Function Recovery Attacks in Gate-Hiding Garbled Circuits using SAT Solving
Chao Yin, Zunchen Huang, Chenglu Jin, Marten van Dijk, Fabio Massacci
TL;DR
This work analyzes gate-hiding garbled circuits in Semi-PFE and demonstrates that exposing circuit topology enables practical function-recovery of hidden gate types. It introduces topology-preserving simplifications (R-Wave, S-Class, Z-Class, ZS) and an incremental SAT-solving framework to dramatically prune the gate-type search space, enabling efficient recovery from IO observations. The authors present a baseline SAT-based decamouflaging approach and an optimized attack that separates candidate generation from discriminating-input searches, extending to scenarios with hidden inputs (Threat Model B). Empirical evaluation on ISCAS89, 2PC cryptographic circuits, and fault-tolerant sensor-fusion MPC circuits shows large speedups (up to $159$-fold) and successful recovery within a 24-hour budget, highlighting topology leakage as a practical vulnerability and motivating countermeasures such as circuit-level redundancy and gate-type simplifications.
Abstract
Semi-Private Function Evaluation enables joint computation while protecting both input data and function logic.

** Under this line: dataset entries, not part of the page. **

text \<open>Every component built by the procedure is the natural join of the relations of some
nonempty index set S over the attributes covered by S, because the natural join of two such
joins is the join over the union of the index sets.  Termination holds since every round of
the outer loop uses a new relation and the inner loops use a relation or shrink C.  At
termination every relation has been used: the light attribute of an unused relation never
lies in a component of C, since loop (ii) would have absorbed the relation before the
component was closed.  Hence every relation is joined into some component of C; these have
pairwise disjoint attribute sets, so connectivity of the query graph leaves only one of them,
and it is the join of all relations.\<close>

abbreviation reachable ::
  "nat \<Rightarrow> (nat \<Rightarrow> 'a) \<Rightarrow> (nat \<Rightarrow> 'a) \<Rightarrow> (nat \<Rightarrow> 'a) \<Rightarrow> (nat \<Rightarrow> ('a, 'v) rel) \<Rightarrow> ('a, 'v) jstate \<Rightarrow> bool"
  where "reachable l A B light J s \<equiv> (jstep l A B light J)\<^sup>*\<^sup>* init_state s"

abbreviation terminal ::
  "nat \<Rightarrow> (nat \<Rightarrow> 'a) \<Rightarrow> (nat \<Rightarrow> 'a) \<Rightarrow> (nat \<Rightarrow> 'a) \<Rightarrow> (nat \<Rightarrow> ('a, 'v) rel) \<Rightarrow> ('a, 'v) jstate \<Rightarrow> bool"
  where "terminal l A B light J s \<equiv> \<nexists>s'. jstep l A B light J s s'"

subsection \<open>Joins over sets of relations\<close>

definition join_over ::
  "(nat \<Rightarrow> 'a) \<Rightarrow> (nat \<Rightarrow> 'a) \<Rightarrow> (nat \<Rightarrow> ('a, 'v) rel) \<Rightarrow> nat set \<Rightarrow> ('a, 'v) rel" where
  "join_over A B J S = {t. dom t = (\<Union>i\<in>S. attrs A B i) \<and> (\<forall>i\<in>S. t |` attrs A B i \<in> J i)}"

lemma query_answer_eq_join_over: "query_answer l A B J = join_over A B J {..<l}"
  by (auto simp: query_answer_def join_over_def)

lemma restrict_map_dom: "m |` dom m = m"
  by (rule ext) (auto simp: restrict_map_def domIff)

lemma njoin_join_over:
  "njoin (\<Union>(attrs A B ` S1)) (join_over A B J S1) (\<Union>(attrs A B ` S2)) (join_over A B J S2)
     = join_over A B J (S1 \<union> S2)"
proof -
  have "attrs A B i \<inter> \<Union>(attrs A B ` S) = attrs A B i" if "i \<in> S" for i S
    using that by blast
  then show ?thesis
    by (auto simp: njoin_def join_over_def Int_commute)
qed

lemma join_over_singleton:
  assumes "\<forall>t\<in>J i. dom t = attrs A B i"
  shows "join_over A B J {i} = J i"
proof -
  have "t \<in> join_over A B J {i} \<longleftrightarrow> t \<in> J i" for t
  proof
    assume "t \<in> join_over A B J {i}"
    then show "t \<in> J i"
      by (simp add: join_over_def) (metis restrict_map_dom)
  next
    assume "t \<in> J i"
    with assms show "t \<in> join_over A B J {i}"
      by (simp add: join_over_def) (metis restrict_map_dom)
  qed
  then show ?thesis by blast
qed

definition subjoin ::
  "nat \<Rightarrow> (nat \<Rightarrow> 'a) \<Rightarrow> (nat \<Rightarrow> 'a) \<Rightarrow> (nat \<Rightarrow> ('a, 'v) rel) \<Rightarrow> 'a set \<times> ('a, 'v) rel \<Rightarrow> bool" where
  "subjoin l A B J p \<longleftrightarrow>
     (\<exists>S. S \<subseteq> {..<l} \<and> S \<noteq> {} \<and> p = (\<Union>(attrs A B ` S), join_over A B J S))"

lemma subjoin_singleton:
  assumes "i < l" "\<forall>t\<in>J i. dom t = attrs A B i"
  shows "subjoin l A B J (attrs A B i, J i)"
  unfolding subjoin_def using assms join_over_singleton[of J i A B]
  by (intro exI[of _ "{i}"]) auto

lemma subjoin_njoin:
  assumes "subjoin l A B J (c1, T1)" "subjoin l A B J (c2, T2)"
  shows "subjoin l A B J (c1 \<union> c2, njoin c1 T1 c2 T2)"
proof -
  obtain S1 S2 where "S1 \<subseteq> {..<l}" "S1 \<noteq> {}" "(c1, T1) = (\<Union>(attrs A B ` S1), join_over A B J S1)"
    and "S2 \<subseteq> {..<l}" "(c2, T2) = (\<Union>(attrs A B ` S2), join_over A B J S2)"
    using assms unfolding subjoin_def by blast
  then show ?thesis
    unfolding subjoin_def using njoin_join_over[of A B S1 J S2]
    by (intro exI[of _ "S1 \<union> S2"]) auto
qed

lemma subjoin_nonempty: "subjoin l A B J (c, T) \<Longrightarrow> c \<noteq> {}"
  by (auto simp: subjoin_def attrs_def)

lemma subjoin_subset_attrs: "subjoin l A B J (c, T) \<Longrightarrow> c \<subseteq> (\<Union>i<l. attrs A B i)"
  by (auto simp: subjoin_def)

definition absorbs ::
  "(nat \<Rightarrow> 'a) \<Rightarrow> (nat \<Rightarrow> 'a) \<Rightarrow> (nat \<Rightarrow> ('a, 'v) rel) \<Rightarrow> nat \<Rightarrow> 'a set \<times> ('a, 'v) rel \<Rightarrow> bool" where
  "absorbs A B J i p \<longleftrightarrow> attrs A B i \<subseteq> fst p \<and> (\<forall>t\<in>snd p. t |` attrs A B i \<in> J i)"

lemma absorbs_singleton:
  "\<forall>t\<in>J i. dom t = attrs A B i \<Longrightarrow> absorbs A B J i (attrs A B i, J i)"
  by (auto simp: absorbs_def) (metis restrict_map_dom)

lemma absorbs_njoinI:
  assumes "absorbs A B J i (c1, T1) \<or> absorbs A B J i (c2, T2)"
  shows "absorbs A B J i (c1 \<union> c2, njoin c1 T1 c2 T2)"
  using assms by (auto simp: absorbs_def njoin_def Int_absorb1)

lemma subjoin_absorbing_all_eq_query_answer:
  assumes "subjoin l A B J (c, T)" "\<forall>i<l. absorbs A B J i (c, T)"
  shows "T = query_answer l A B J"
proof -
  obtain S where S: "S \<subseteq> {..<l}" "c = \<Union>(attrs A B ` S)" "T = join_over A B J S"
    using assms(1) unfolding subjoin_def by blast
  with assms(2) have "c = (\<Union>i<l. attrs A B i)"
    unfolding absorbs_def by auto
  with S assms(2) show ?thesis
    unfolding query_answer_eq_join_over join_over_def absorbs_def by auto
qed

subsection \<open>Invariants of the procedure\<close>

definition components :: "('a, 'v) jstate \<Rightarrow> ('a set \<times> ('a, 'v) rel) set" where
  "components s = set (comps s) \<union> snd ` set_option (cur s)"

lemma set_remove_nth: "k < length xs \<Longrightarrow> set xs = insert (xs ! k) (set (remove_nth k xs))"
  unfolding remove_nth_def by (metis id_take_nth_drop insert_commute list.simps(15) set_append Un_insert_right)

lemma distinct_remove_nth: "distinct xs \<Longrightarrow> distinct (remove_nth k xs)"
  by (simp add: remove_nth_def set_take_disj_set_drop_if_distinct)

lemma reachable_subjoin:
  assumes "reachable l A B light J s" "\<forall>i<l. \<forall>t\<in>J i. dom t = attrs A B i"
  shows "\<forall>p\<in>components s. subjoin l A B J p"
  using assms(1)
proof (induction rule: rtranclp_induct)
  case base
  show ?case by (simp add: components_def init_state_def)
next
  case (step s s')
  from step.hyps(2) step.IH show ?case
  proof (cases rule: jstep.cases)
    case (merge c T k c' T')
    then have "(c', T') \<in> set (comps s)" by (metis nth_mem)
    with merge step.IH show ?thesis
      using set_remove_nth[OF merge(3)] subjoin_njoin[of l A B J c T c' T']
      by (auto simp: components_def)
  qed (auto simp: components_def assms(2) subjoin_singleton subjoin_njoin)
qed

lemma reachable_used_absorbed:
  assumes "reachable l A B light J s" "\<forall>i<l. \<forall>t\<in>J i. dom t = attrs A B i"
  shows "\<forall>i\<in>used s. \<exists>p\<in>components s. absorbs A B J i p"
  using assms(1)
proof (induction rule: rtranclp_induct)
  case base
  show ?case by (simp add: init_state_def)
next
  case (step s s')
  from step.hyps(2) step.IH show ?case
  proof (cases rule: jstep.cases)
    case (start i)
    with step.IH show ?thesis
      using absorbs_singleton[of J i A B] assms(2) by (auto simp: components_def)
  next
    case (light_join c T i)
    have "absorbs A B J i (c \<union> attrs A B i, njoin c T (attrs A B i) (J i))"
      using light_join assms(2) by (intro absorbs_njoinI) (simp add: absorbs_singleton)
    with light_join step.IH show ?thesis
      by (auto simp: components_def intro: absorbs_njoinI)
  next
    case (merge c T k c' T')
    then have "set (comps s) = insert (c', T') (set (remove_nth k (comps s)))"
      by (metis set_remove_nth)
    with merge step.IH show ?thesis
      by (fastforce simp: components_def intro: absorbs_njoinI)
  qed (auto simp: components_def)
qed

text \<open>Loop (ii) exhausts the light joins before a component is merged and closed, so the
light attribute of an unused relation never lies in a closed component.\<close>

definition unused_lights_outside :: "nat \<Rightarrow> (nat \<Rightarrow> 'a) \<Rightarrow> ('a, 'v) jstate \<Rightarrow> bool" where
  "unused_lights_outside l light s \<longleftrightarrow>
     (\<forall>i<l. i \<notin> used s \<longrightarrow>
        light i \<notin> comp_attrs s \<and> (\<forall>c T. cur s = Some (MergePh, c, T) \<longrightarrow> light i \<notin> c))"

lemma reachable_unused_lights_outside:
  "reachable l A B light J s \<Longrightarrow> unused_lights_outside l light s"
proof (induction rule: rtranclp_induct)
  case base
  show ?case by (simp add: unused_lights_outside_def init_state_def comp_attrs_def)
next
  case (step s s')
  from step.hyps(2) step.IH show ?case
  proof (cases rule: jstep.cases)
    case (merge c T k c' T')
    then have "set (comps s) = insert (c', T') (set (remove_nth k (comps s)))"
      by (metis set_remove_nth)
    with merge step.IH show ?thesis
      by (auto simp: unused_lights_outside_def comp_attrs_def)
  qed (auto simp: unused_lights_outside_def comp_attrs_def)
qed

definition comps_disjoint :: "('a, 'v) jstate \<Rightarrow> bool" where
  "comps_disjoint s \<longleftrightarrow>
     distinct (comps s) \<and> pairwise (\<lambda>p q. disjnt (fst p) (fst q)) (set (comps s))"

lemma reachable_comps_disjoint:
  assumes "reachable l A B light J s" "\<forall>i<l. \<forall>t\<in>J i. dom t = attrs A B i"
  shows "comps_disjoint s"
  using assms(1)
proof (induction rule: rtranclp_induct)
  case base
  show ?case by (simp add: comps_disjoint_def init_state_def)
next
  case (step s s')
  from step.hyps(2) step.IH show ?case
  proof (cases rule: jstep.cases)
    case (merge c T k c' T')
    then have "set (remove_nth k (comps s)) \<subseteq> set (comps s)"
      by (metis set_remove_nth subset_insertI)
    with merge step.IH show ?thesis
      by (auto simp: comps_disjoint_def distinct_remove_nth intro: pairwise_subset)
  next
    case (finish c T)
    have "c \<noteq> {}"
      using reachable_subjoin[OF step.hyps(1) assms(2)] finish(2)
      by (auto simp: components_def dest: subjoin_nonempty)
    with finish step.IH show ?thesis
      by (auto simp: comps_disjoint_def pairwise_insert disjnt_def Int_commute)
  qed (auto simp: comps_disjoint_def)
qed

subsection \<open>Termination\<close>

definition progress :: "nat \<Rightarrow> ('a, 'v) jstate \<Rightarrow> nat \<times> nat" where
  "progress l s = (card ({..<l} - used s),
     case cur s of
       None \<Rightarrow> 0
     | Some (LightPh, _) \<Rightarrow> length (comps s) + 2
     | Some (MergePh, _) \<Rightarrow> length (comps s) + 1)"

lemma jstep_progress:
  "jstep l A B light J s s' \<Longrightarrow> (progress l s', progress l s) \<in> less_than <*lex*> less_than"
  by (induction rule: jstep.induct)
    (auto simp: progress_def remove_nth_def card_gt_0_iff intro!: diff_less)

lemma no_infinite_jstep_run: "\<nexists>f. \<forall>n. jstep l A B light J (f n) (f (Suc n))"
proof
  assume "\<exists>f. \<forall>n. jstep l A B light J (f n) (f (Suc n))"
  then obtain f where "\<forall>n. jstep l A B light J (f n) (f (Suc n))"
    by blast
  then have "\<forall>n. (f (Suc n), f n) \<in> inv_image (less_than <*lex*> less_than) (progress l)"
    by (simp only: in_inv_image) (blast intro: jstep_progress)
  moreover have "wf (inv_image (less_than <*lex*> less_than) (progress l))"
    by (intro wf_inv_image wf_lex_prod wf_less_than)
  ultimately show False
    using wf_iff_no_infinite_down_chain by blast
qed

subsection \<open>Connectivity\<close>

lemma query_path_within_block:
  assumes "(x, y) \<in> ({(A i, B i) | i. i < l} \<union> {(B i, A i) | i. i < l})\<^sup>*"
    and "x \<in> C" "C \<in> \<C>"
    and cover: "\<forall>i<l. \<exists>D\<in>\<C>. attrs A B i \<subseteq> D"
    and disjoint: "pairwise disjnt \<C>"
  shows "y \<in> C"
  using assms(1)
proof (induction rule: rtrancl_induct)
  case base
  show ?case by fact
next
  case (step y z)
  then obtain i where "i < l" "{y, z} = attrs A B i"
    by (auto simp: attrs_def)
  with cover obtain D where "D \<in> \<C>" "y \<in> D" "z \<in> D"
    by blast
  with step.IH \<open>C \<in> \<C>\<close> disjoint have "D = C"
    by (auto simp: pairwise_def disjnt_def)
  with \<open>z \<in> D\<close> show ?case by simp
qed

lemma connected_query_single_block:
  assumes "query_connected l A B"
    and cover: "\<forall>i<l. \<exists>D\<in>\<C>. attrs A B i \<subseteq> D"
    and disjoint: "pairwise disjnt \<C>"
    and blocks: "\<forall>D\<in>\<C>. D \<noteq> {} \<and> D \<subseteq> (\<Union>i<l. attrs A B i)"
    and "C \<in> \<C>" "D \<in> \<C>"
  shows "C = D"
proof -
  obtain x y where "x \<in> C" "y \<in> D"
    using blocks \<open>C \<in> \<C>\<close> \<open>D \<in> \<C>\<close> by (meson ex_in_conv)
  then have "x \<in> (\<Union>i<l. attrs A B i)" "y \<in> (\<Union>i<l. attrs A B i)"
    using blocks \<open>C \<in> \<C>\<close> \<open>D \<in> \<C>\<close> by (meson subsetD)+
  with assms(1) have "(x, y) \<in> ({(A i, B i) | i. i < l} \<union> {(B i, A i) | i. i < l})\<^sup>*"
    unfolding query_connected_def by blast
  then have "y \<in> C"
    using \<open>x \<in> C\<close> \<open>C \<in> \<C>\<close> cover disjoint by (rule query_path_within_block)
  with \<open>y \<in> D\<close> \<open>C \<in> \<C>\<close> \<open>D \<in> \<C>\<close> disjoint show "C = D"
    by (auto simp: pairwise_def disjnt_def)
qed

A practical instantiation is gate-hiding garbled circuits, which conceal gate functionalities while revealing the circuit topology. Existing security definitions intentionally exclude leakage through circuit topology, leaving the concrete impact of such leakage on function privacy insufficiently understood. We analyze the empirical security of gate hiding under two adversarial models that capture realistic computational capabilities. We present a SAT-based function-recovery attack that reconstructs hidden gate operations from a circuit's public topology. To enable recovery on larger and more complex circuits, we develop an incremental SAT-solving framework combined with a set of composable, topology-preserving simplification theorems. These techniques jointly reduce the SAT instance size and progressively constrain the search space across repeated solving iterations. We evaluate our attack on ISCAS benchmarks, representative secure computation circuits, and fault-tolerant sensor fusion circuits under a fixed 24-hour recovery budget. Compared to baseline approaches, our optimized attack achieves up to a 159-fold speedup in recovery time without increasing the number of oracle queries. Our results demonstrate that topology leakage alone can enable effective function recovery in practice.